2 Post author: David_Gerard 19 August 2013 06:58AM

You are viewing a comment permalink. View the original post to see all comments and the full post content.

Comments (325)

You are viewing a single comment's thread. Show more comments above.

Comment author: gwern 03 September 2013 04:38:47PM 0 points [-]

Eh, I'm not sure the idea of 'double-spending' really applies here. In the multiple comparisons case, you're spending all your budget on detecting the observed effect size and getting high-power/reducing-Type-II-errors (if there's an effect lurking there, you'll find it!), but you then can't buy as much Type I error reduction as you want.

This could be fine in some applications. For example, when I'm A/B testing visual changes to gwern.net, I don't care if I commit a Type I error, because if I replace one doohickey with another doohickey and they work equally well (the null hypothesis), all I've lost is a little time. I'm worried about coming up with an improvement, testing the improvement, and mistakenly believing it isn't an improvement when actually it is.

The problem with multiple comparisons comes when people don't realize they've used up their budget and they believe they really have controlled alpha errors at 5% or whatever. When they think they've had their cake & ate it too.

I guess a better financial analogy would be more like "you spend all your money on the new laptop you need for work, but not having checked your bank account balance, promise to take your friends out for dinner tomorrow"?

Comment author: Lumifer 03 September 2013 05:27:53PM 0 points [-]

I am a bit confused -- is the framework for this thread observation (where the number of samples is pretty much the only thing you can affect pre-analysis) or experiment design (where you you can greatly affect which data you collect)?

I ask because I'm intrigued by the idea of trading off Type I errors against Type II errors, but I'm not sure it's possible in the observation context without introducing bias.

Comment author: gwern 03 September 2013 06:57:26PM 0 points [-]

I'm not sure about this observation vs experiment design dichotomy you're thinking of. I think of power analysis as something which can be done both before an experiment to design it and understand what the data could tell one, and post hoc, to understand why you did or did not get a result and to estimate things for designing the next experiment.

Comment author: Lumifer 03 September 2013 07:20:53PM 0 points [-]

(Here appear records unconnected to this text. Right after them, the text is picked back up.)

text \<open>Each loss is a sum \<open>\<Sum>\<^sub>j l(y\<^sub>j, \<alpha>\<^sub>j, S)\<close> of functions that are smooth for \<open>\<alpha>, S > 0\<close>,
  so \<open>\<partial>L/\<partial>e\<^sub>k = \<partial>\<^sub>\<alpha>l\<^sub>k + \<Sum>\<^sub>j \<partial>\<^sub>Sl\<^sub>j\<close> is continuous on \<open>e > -1\<close>, and the chain rule gives
  \<open>\<partial>L/\<partial>o\<^sub>k = \<A>'(o\<^sub>k) \<partial>L/\<partial>e\<^sub>k\<close>. For ReLU the factor \<open>\<A>'(o\<^sub>k)\<close> vanishes when \<open>o\<^sub>k \<le> 0\<close>.
  For SoftPlus and exp, as \<open>o \<rightarrow> -\<infinity>\<close> both \<open>\<A>'(o\<^sub>k) \<rightarrow> 0\<close> and \<open>e \<rightarrow> 0\<close>, so \<open>\<partial>L/\<partial>e\<^sub>k\<close> tends to
  its finite value at \<open>e = 0\<close> and the product tends to 0; a bounded Jacobian \<open>\<partial>o/\<partial>\<Theta>\<close>
  passes this on to the parameter gradient.\<close>

fun loss_term :: "evid_loss \<Rightarrow> real \<Rightarrow> real \<Rightarrow> real \<Rightarrow> real" where
  "loss_term MSE_loss y a s = (y - a / s)^2 + a * (s - a) / (s^2 * (s + 1))"
| "loss_term CE_loss y a s = y * (Digamma s - Digamma a)"
| "loss_term Log_loss y a s = y * (ln s - ln a)"

fun loss_term_da :: "evid_loss \<Rightarrow> real \<Rightarrow> real \<Rightarrow> real \<Rightarrow> real" where
  "loss_term_da MSE_loss y a s = - 2 * (y - a / s) / s + (s - 2 * a) / (s^2 * (s + 1))"
| "loss_term_da CE_loss y a s = - y * Polygamma 1 a"
| "loss_term_da Log_loss y a s = - y / a"

fun loss_term_ds :: "evid_loss \<Rightarrow> real \<Rightarrow> real \<Rightarrow> real \<Rightarrow> real" where
  "loss_term_ds MSE_loss y a s =
     2 * (y - a / s) * a / s^2 + a * (a * (3 * s + 2) - s * (2 * s + 1)) / (s^3 * (s + 1)^2)"
| "loss_term_ds CE_loss y a s = y * Polygamma 1 s"
| "loss_term_ds Log_loss y a s = y / s"

lemma has_real_derivative_loss_term:
  assumes a: "(a has_real_derivative a') (at t)" and s: "(s has_real_derivative s') (at t)"
    and pos: "a t > 0" "s t > 0"
  shows "((\<lambda>x. loss_term L y (a x) (s x)) has_real_derivative
           loss_term_da L y (a t) (s t) * a' + loss_term_ds L y (a t) (s t) * s') (at t)"
proof (cases L)
  case MSE_loss
  from pos have "s t \<noteq> 0" "s t + 1 \<noteq> 0" by auto
  then show ?thesis unfolding MSE_loss loss_term.simps loss_term_da.simps loss_term_ds.simps
    by (auto intro!: derivative_eq_intros a s) (simp add: divide_simps, algebra)
next
  case CE_loss
  with pos show ?thesis
    by (auto intro!: derivative_eq_intros a s simp: algebra_simps)
next
  case Log_loss
  with pos show ?thesis
    by (auto intro!: derivative_eq_intros a s simp: field_simps)
qed
lemma rectangle_area_le_if_unoccupied_covered:
  assumes "0 \<le> W" and "0 \<le> Y" and "\<And>i. i < n \<Longrightarrow> 0 \<le> s i"
    and "covered_by_copies f n s (unoccupied W Y n s pos)"
  shows "W * Y \<le> (real f + 1) * (\<Sum>i<n. (s i)\<^sup>2)"
proof -
  obtain T where T: "\<And>i. i < n \<Longrightarrow> finite (T i) \<and> card (T i) \<le> f"
    and cover: "unoccupied W Y n s pos \<subseteq> (\<Union>i<n. \<Union>t\<in>T i. closed_sq t (s i))"
    using assms(4) unfolding covered_by_copies_def by blast
  define A where "A = (\<Union>i<n. closed_sq (pos i) (s i))"
  define B where "B = (\<Union>c\<in>Sigma {..<n} T. closed_sq (snd c) (s (fst c)))"
  have fin: "finite (Sigma {..<n} T)" using T by (intro finite_SigmaI) auto
  have A_meas: "A \<in> fmeasurable lborel" unfolding A_def by (intro fmeasurable.finite_UN) auto
  have B_meas: "B \<in> fmeasurable lborel" unfolding B_def using fin by (intro fmeasurable.finite_UN) auto
  have "(\<Union>i<n. \<Union>t\<in>T i. closed_sq t (s i)) = B"
    unfolding B_def by force
  with cover have "cbox (0, 0) (W, Y) \<subseteq> A \<union> B"
    unfolding A_def unoccupied_def by (auto simp: cbox_Pair_eq)
  then have "measure lborel (cbox (0, 0) (W, Y) :: (real \<times> real) set) \<le> measure lborel (A \<union> B)"
    using A_meas B_meas by (intro measure_mono_fmeasurable) auto
  then have "W * Y \<le> measure lborel (A \<union> B)"
    using measure_rectangle[OF assms(1,2)] by simp
  also have "\<dots> \<le> measure lborel A + measure lborel B"
    using A_meas B_meas by (intro measure_Un_le) auto
  also have "measure lborel A \<le> (\<Sum>i<n. (s i)\<^sup>2)"
    unfolding A_def using assms(3) by (intro measure_UN_closed_sq_le) auto
  also have "measure lborel B \<le> (\<Sum>c\<in>Sigma {..<n} T. (s (fst c))\<^sup>2)"
    unfolding B_def using fin assms(3) by (intro measure_UN_closed_sq_le) auto
  also have "\<dots> = (\<Sum>i<n. \<Sum>t\<in>T i. (s i)\<^sup>2)"
    by (subst sum.Sigma) (use T in \<open>auto simp: case_prod_beta\<close>)
  also have "\<dots> = (\<Sum>i<n. real (card (T i)) * (s i)\<^sup>2)"
    by simp
  also have "\<dots> \<le> (\<Sum>i<n. real f * (s i)\<^sup>2)"
    using T by (intro sum_mono mult_right_mono) auto
  finally show ?thesis by (simp add: sum_distrib_left algebra_simps sum.distrib)
qed

lemma packing_height_le_if_covered:
  assumes "valid_instance W n s" and "0 < n" and "feasible_packing W n s pos" and "0 \<le> g"
    and "covered_by_copies f n s (unoccupied W (packing_height n s pos - g * h_max n s) n s pos)"
  shows "packing_height n s pos \<le> (real f + g + 1) * h_OPT W n s"
proof -
  define H Hopt h A where "H = packing_height n s pos" and "Hopt = h_OPT W n s"
    and "h = h_max n s" and "A = (\<Sum>i<n. (s i)\<^sup>2)"
  have W: "0 < W" and s: "\<And>i. i < n \<Longrightarrow> 0 \<le> s i"
    using assms(1) by (auto simp: valid_instance_def)
  have h_le_Hopt: "h \<le> Hopt" unfolding h_def Hopt_def by (rule h_max_le_h_OPT[OF assms(3,2)])
  have "0 \<le> h"
    unfolding h_def using h_max_attained[OF assms(2)] s by metis
  have gh: "g * h \<le> g * Hopt" using h_le_Hopt assms(4) by (rule mult_left_mono)
  have "H - g * h \<le> (real f + 1) * Hopt"
  proof (cases "0 \<le> H - g * h")
    case True
    have "W * (H - g * h) \<le> (real f + 1) * A"
      using rectangle_area_le_if_unoccupied_covered
        [OF less_imp_le[OF W] True[unfolded H_def h_def] s assms(5)]
      unfolding H_def h_def A_def .
    also have "\<dots> \<le> (real f + 1) * (W * Hopt)"
      unfolding A_def Hopt_def using area_le_h_OPT[OF assms(1,3)] by (intro mult_left_mono) auto
    finally have "W * (H - g * h) \<le> W * ((real f + 1) * Hopt)"
      by (simp add: algebra_simps)
    with W show ?thesis by simp
  next
    case False
    moreover have "0 \<le> (real f + 1) * Hopt" using \<open>0 \<le> h\<close> h_le_Hopt by simp
    ultimately show ?thesis by linarith
  qed
  with gh show ?thesis unfolding H_def Hopt_def by (simp add: algebra_simps)
qed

Well, I think of statistical power as the ability to distinguish signal from noise. If you expect signal of a particular strength you need to find ways to reduce the noise floor to below that strength (typically through increasing sample size).

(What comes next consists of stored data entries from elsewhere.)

lemma alg_coreI:
  assumes P: "proto_calculus sc scF H \<Phi>" and E: "E \<subseteq> bdd sc H \<Phi>"
    and conv: "\<And>f x y. f \<in> H \<Longrightarrow> \<forall>e\<in>reg_set E f. \<exists>z. (y, z) \<in> \<Phi> e \<and> (x, z) \<in> \<Phi> (e * f)
                 \<Longrightarrow> (x, y) \<in> \<Phi> f"
  shows "alg_core sc H \<Phi> E"
  unfolding alg_core_def
proof (intro conjI E ballI allI iffI)
  fix f x y e assume f: "f \<in> H" and xy: "(x, y) \<in> \<Phi> f" and e: "e \<in> reg_set E f"
  then have eH: "e \<in> H" and "bounded_op sc (\<Phi> e)" using E by (auto simp: reg_set_def bdd_def)
  then obtain z where z: "(y, z) \<in> \<Phi> e" using bounded_op_total by blast
  then have "(x, z) \<in> \<Phi> (e * f)" using proto_calculus_comp[OF P eH f xy] by blast
  with z show "\<exists>z. (y, z) \<in> \<Phi> e \<and> (x, z) \<in> \<Phi> (e * f)" by blast
next
  fix f x y
  assume "f \<in> H" "\<forall>e\<in>reg_set E f. \<exists>z. (y, z) \<in> \<Phi> e \<and> (x, z) \<in> \<Phi> (e * f)"
  then show "(x, y) \<in> \<Phi> f" by (rule conv)
qed

lemma alg_core_superset:
  assumes P: "proto_calculus sc scF H \<Phi>" and C: "alg_core sc H \<Phi> E1"
    and "E1 \<subseteq> E2" "E2 \<subseteq> bdd sc H \<Phi>"
  shows "alg_core sc H \<Phi> E2"
proof (rule alg_coreI[OF P \<open>E2 \<subseteq> bdd sc H \<Phi>\<close>])
  fix f x y
  assume "f \<in> H" and "\<forall>e\<in>reg_set E2 f. \<exists>z. (y, z) \<in> \<Phi> e \<and> (x, z) \<in> \<Phi> (e * f)"
  moreover have "reg_set E1 f \<subseteq> reg_set E2 f" using \<open>E1 \<subseteq> E2\<close> by (auto simp: reg_set_def)
  ultimately show "(x, y) \<in> \<Phi> f" using alg_core_converse[OF C] by blast
qed

lemma calculus_if_alg_core:
  "proto_calculus sc scF H \<Phi> \<Longrightarrow> alg_core sc H \<Phi> E \<Longrightarrow> calculus sc scF H \<Phi>"
  unfolding calculus_def using alg_core_superset alg_core_bdd_subset by blast

lemma alg_core_image:
  assumes P: "proto_calculus sc scF (range \<eta>) \<Phi>"
    and mult: "\<And>a b. \<eta> (a * b) = \<eta> a * \<eta> b"
    and C: "alg_core sc UNIV (\<Phi> \<circ> \<eta>) E"
  shows "alg_core sc (range \<eta>) \<Phi> (\<eta> ` E)"
proof (rule alg_coreI[OF P])
  show "\<eta> ` E \<subseteq> bdd sc (range \<eta>) \<Phi>"
    using alg_core_bdd_subset[OF C] by (auto simp: bdd_def)
next
  fix f x y
  assume "f \<in> range \<eta>" and R: "\<forall>e\<in>reg_set (\<eta> ` E) f. \<exists>z. (y, z) \<in> \<Phi> e \<and> (x, z) \<in> \<Phi> (e * f)"
  then obtain g where g: "f = \<eta> g" by blast
  have "(x, y) \<in> (\<Phi> \<circ> \<eta>) g"
  proof (rule alg_core_converse[OF C UNIV_I])
    fix e assume "e \<in> reg_set E g"
    then have "e \<in> E" "e * g \<in> E" by (simp_all add: reg_set_def)
    then have "\<eta> e \<in> reg_set (\<eta> ` E) f" by (auto simp: reg_set_def g mult[symmetric])
    then show "\<exists>z. (y, z) \<in> (\<Phi> \<circ> \<eta>) e \<and> (x, z) \<in> (\<Phi> \<circ> \<eta>) (e * g)"
      using R g by (simp add: mult)
  qed
  then show "(x, y) \<in> \<Phi> f" using g by simp
qed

However my standard way of thinking about this is: we have data, we build a model, we evaluate how good the model output is. Bulding a model, say, via some sort of maximum likelihood, gives you "the" fitted model with specific chances to commit a Type I or a Type II error. But can you trade off chances of Type I errors against chances of Type II errors other than through crudely adding bias to the model output?

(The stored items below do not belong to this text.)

lemma sqrt_neg_ratio:
  assumes "QuadRes (int p) (- (eps 0 1 * eps 1 1))"
  shows "\<exists>r \<in> zp p. \<forall>n. [eps 0 n * (r n)\<^sup>2 + eps 1 n = 0] (mod int p ^ n)"
proof -
  have eps: "eps 0 \<in> zp p" "eps 1 \<in> zp p" "zp_unit p (eps 0)"
    using eps_unit rank by (auto simp: zp_unit_def)
  obtain I where I: "I \<in> zp p" "\<And>n. [eps 0 n * I n = 1] (mod int p ^ n)"
    using zp_unit_inverse[OF prime eps(3)] by blast
  define c where "c = zp_of_seq p (\<lambda>n. - eps 1 n * I n)"
  have c: "c \<in> zp p" "\<And>n. [c n = - eps 1 n * I n] (mod int p ^ n)"
    unfolding c_def
    by (intro zp_of_seq_in_zp[OF _ p_pos] coherent_mult coherent_uminus zp_coherent eps I)
      (rule zp_of_seq_cong)
  obtain r0 where r0: "[r0\<^sup>2 = - (eps 0 1 * eps 1 1)] (mod int p)"
    using assms unfolding QuadRes_def by blast
  have "[(r0 * I 1)\<^sup>2 = - (eps 0 1 * eps 1 1) * (I 1)\<^sup>2] (mod int p)"
    using cong_scalar_right[OF r0] by (simp add: power_mult_distrib)
  also have "- (eps 0 1 * eps 1 1) * (I 1)\<^sup>2 = (- eps 1 1 * I 1) * (eps 0 1 * I 1)"
    by (simp add: power2_eq_square)
  also have "[(- eps 1 1 * I 1) * (eps 0 1 * I 1) = - eps 1 1 * I 1] (mod int p)"
    using cong_scalar_left[OF I(2)[of 1], of "- eps 1 1 * I 1"] by simp
  also have "[- eps 1 1 * I 1 = c 1] (mod int p)" using c(2)[of 1] by (simp add: cong_sym)
  finally have root: "[(r0 * I 1)\<^sup>2 = c 1] (mod int p)" .
  have "\<not> int p dvd - (eps 0 1 * eps 1 1)"
    using prime_not_dvd_mult[OF prime eps_not_dvd eps_not_dvd] rank by simp
  then have "\<not> int p dvd r0"
    using r0 cong_dvd_iff by (metis dvd_mult2 power2_eq_square)
  moreover have "\<not> int p dvd I 1"
    using I(2)[of 1] prime_not_dvd_1[OF prime] cong_dvd_iff dvd_mult by (metis power_one_right)
  ultimately obtain r where r: "r \<in> zp p" "\<And>n. [(r n)\<^sup>2 = c n] (mod int p ^ n)"
    using zp_sqrt[OF prime odd c(1) root] prime_not_dvd_mult[OF prime] by blast
  have "[eps 0 n * (r n)\<^sup>2 + eps 1 n = 0] (mod int p ^ n)" for n
  proof -
    have "[eps 0 n * (r n)\<^sup>2 + eps 1 n = eps 0 n * (- eps 1 n * I n) + eps 1 n] (mod int p ^ n)"
      using cong_trans[OF r(2) c(2)] by (intro cong_add cong_scalar_left) simp_all
    also have "eps 0 n * (- eps 1 n * I n) + eps 1 n = eps 1 n * (1 - eps 0 n * I n)"
      by (simp add: algebra_simps)
    also have "[\<dots> = eps 1 n * (1 - 1)] (mod int p ^ n)"
      by (intro cong_scalar_left cong_diff cong_refl I(2))
    finally show ?thesis by simp
  qed
  then show ?thesis using r(1) by blast
qed
(* There exists a randomized $O(k^2\log k)$-competitive online algorithm for the generalized $k$-server problem in uniform metrics; that is, there is an absolute constant $C$ such that for every $k\ge 2$ and all uniform metrics $M_1,\dots,M_k$ there is a randomized online algorithm which is $C k^2\log k$-competitive.
   Context: Generalized $k$-server problem in uniform metrics: given uniform metric spaces $M_1,\dots,M_k$, where $M_i$ has $n_i\ge 2$ points at pairwise distance $1$, server $s_i$ starts at a fixed point of $M_i$ and always stays in $M_i$. Requests arrive online as $k$-tuples $(r_1,\dots,r_k)\in\prod_i M_i$; to serve a request an algorithm moves servers so that $s_i$ is at $r_i$ for at least one $i$, before seeing the next request. The cost is the total distance traveled by all servers. A randomized online algorithm $\mathrm{ALG}$ is $\beta$-competitive if there is a constant $\gamma$ (possibly depending on $k$ but not on the request sequence) such that for every input $I$, $\mathbf{E}[\mathrm{ALG}(I)]\le \beta\cdot\mathrm{OPT}(I)+\gamma$, where $\mathrm{OPT}(I)$ is the optimal offline cost. *)

theory Defs
  imports "HOL-Probability.Probability"
begin

text \<open>Metric M_i is modelled as the point set
  {0..<n i} with all pairwise distances 1. A configuration (and a request) is a function
  c :: nat => nat, of which only the coordinates i < k matter.\<close>

type_synonym gconf = "nat \<Rightarrow> nat"

definition valid_conf :: "nat \<Rightarrow> (nat \<Rightarrow> nat) \<Rightarrow> gconf \<Rightarrow> bool" where
  "valid_conf k n c \<longleftrightarrow> (\<forall>i<k. c i < n i)"

definition serves :: "nat \<Rightarrow> gconf \<Rightarrow> gconf \<Rightarrow> bool" where
  "serves k r c \<longleftrightarrow> (\<exists>i<k. c i = r i)"

definition cdist :: "nat \<Rightarrow> gconf \<Rightarrow> gconf \<Rightarrow> real" where
  "cdist k c c' = real (card {i. i < k \<and> c i \<noteq> c' i})"

fun path_cost :: "nat \<Rightarrow> gconf \<Rightarrow> gconf list \<Rightarrow> real" where
  "path_cost k c [] = 0"
| "path_cost k c (c' # cs) = cdist k c c' + path_cost k c' cs"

Comment author: gwern 03 September 2013 07:28:38PM 0 points [-]

But can you trade off chances of Type I errors against chances of Type II errors other than through crudely adding bias to the model output?

Model-building seems like a separate topic. Power analysis is for particular approaches, where I certainly can trade off Type I against Type II. Here's a simple example for a two-group t-test, where I accept a higher Type I error rate and immediately see my Type II go down (power go up):

R> power.t.test(n=40, delta=0.5, sig.level=0.05)
Two-sample t test power calculation n = 40
delta = 0.5
sd = 1
sig.level = 0.05
power = 0.5981
alternative = two.sided
NOTE: n is number in *each* group
R> power.t.test(n=40, delta=0.5, sig.level=0.10)
Two-sample t test power calculation n = 40
delta = 0.5
sd = 1
sig.level = 0.1
power = 0.7163
alternative = two.sided
NOTE: n is number in *each* group

In exchange for accepting 10% Type I rather than 5%, I see my Type II fall from 1-0.60=40% to 1-0.72=28%. Tada, I have traded off errors and as far as I know, the t-test remains exactly as unbiased as it ever was.

Comment author: Lumifer 03 September 2013 08:10:21PM 0 points [-]

I am not explaining myself well. Let me try again.

To even talk about Type I / II errors you need two things -- a hypothesis or a prediction (generally, output of a model, possibly implicit) and reality (unobserved at prediction time). Let's keep things very simple and deal with binary variables, let's say we have an object foo and we want to know whether it belongs to class bar (or does not belong to it). We have a model, maybe simple and even trivial, which, when fed the object foo outputs the probability of it belonging to class bar. Let's say this probability is 92%.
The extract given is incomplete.